● TASK GOAL
Everything from the line containing "that assms(6) by simp" through the end of the entries should be output exactly; nothing before it is wanted.

┌──

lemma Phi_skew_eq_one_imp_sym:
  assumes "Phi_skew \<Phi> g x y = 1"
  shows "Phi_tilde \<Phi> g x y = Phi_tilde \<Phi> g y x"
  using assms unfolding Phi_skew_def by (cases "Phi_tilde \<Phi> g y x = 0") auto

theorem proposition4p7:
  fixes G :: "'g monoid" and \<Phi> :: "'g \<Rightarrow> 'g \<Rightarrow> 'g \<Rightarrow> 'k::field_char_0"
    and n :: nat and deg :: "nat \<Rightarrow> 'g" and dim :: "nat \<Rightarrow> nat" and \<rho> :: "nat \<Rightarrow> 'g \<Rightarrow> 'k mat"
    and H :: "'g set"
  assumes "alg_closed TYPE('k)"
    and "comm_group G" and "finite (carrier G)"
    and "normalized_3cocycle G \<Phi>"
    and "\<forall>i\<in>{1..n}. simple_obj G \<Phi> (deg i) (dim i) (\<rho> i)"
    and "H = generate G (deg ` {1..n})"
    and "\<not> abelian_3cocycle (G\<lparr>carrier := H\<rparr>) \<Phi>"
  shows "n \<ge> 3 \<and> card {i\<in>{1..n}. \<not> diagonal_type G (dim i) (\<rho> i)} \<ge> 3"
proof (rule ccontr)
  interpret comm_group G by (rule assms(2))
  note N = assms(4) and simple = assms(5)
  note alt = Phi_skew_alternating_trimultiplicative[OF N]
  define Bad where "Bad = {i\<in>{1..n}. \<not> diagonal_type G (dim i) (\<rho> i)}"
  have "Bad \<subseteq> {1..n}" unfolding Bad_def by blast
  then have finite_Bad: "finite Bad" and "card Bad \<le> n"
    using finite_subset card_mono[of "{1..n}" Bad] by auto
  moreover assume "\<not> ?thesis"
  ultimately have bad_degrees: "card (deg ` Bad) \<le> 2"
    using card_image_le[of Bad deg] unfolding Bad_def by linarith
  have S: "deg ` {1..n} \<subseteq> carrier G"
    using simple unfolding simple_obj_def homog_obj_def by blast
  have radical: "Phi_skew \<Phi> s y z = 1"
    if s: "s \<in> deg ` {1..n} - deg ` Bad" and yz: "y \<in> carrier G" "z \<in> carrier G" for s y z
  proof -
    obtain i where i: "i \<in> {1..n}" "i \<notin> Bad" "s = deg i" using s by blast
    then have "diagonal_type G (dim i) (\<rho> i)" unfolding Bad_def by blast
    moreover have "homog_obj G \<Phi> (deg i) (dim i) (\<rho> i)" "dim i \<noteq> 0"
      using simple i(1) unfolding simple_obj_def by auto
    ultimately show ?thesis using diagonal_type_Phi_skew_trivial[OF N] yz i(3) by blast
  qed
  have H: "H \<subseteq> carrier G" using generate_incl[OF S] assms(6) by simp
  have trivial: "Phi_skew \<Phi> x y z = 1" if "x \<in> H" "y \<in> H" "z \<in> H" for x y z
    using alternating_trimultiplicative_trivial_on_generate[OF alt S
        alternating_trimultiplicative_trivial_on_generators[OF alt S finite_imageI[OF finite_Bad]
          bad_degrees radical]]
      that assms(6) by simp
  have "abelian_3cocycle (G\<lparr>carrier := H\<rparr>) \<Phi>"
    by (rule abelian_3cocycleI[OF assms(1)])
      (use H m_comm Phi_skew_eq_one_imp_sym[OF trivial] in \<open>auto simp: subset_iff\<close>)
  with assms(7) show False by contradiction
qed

└──

● WORKED SOLUTION
      that assms(6) by simp
  have "abelian_3cocycle (G\<lparr>carrier := H\<rparr>) \<Phi>"
    by (rule abelian_3cocycleI[OF assms(1)])
      (use H m_comm Phi_skew_eq_one_imp_sym[OF trivial] in \<open>auto simp: subset_iff\<close>)
  with assms(7) show False by contradiction
qed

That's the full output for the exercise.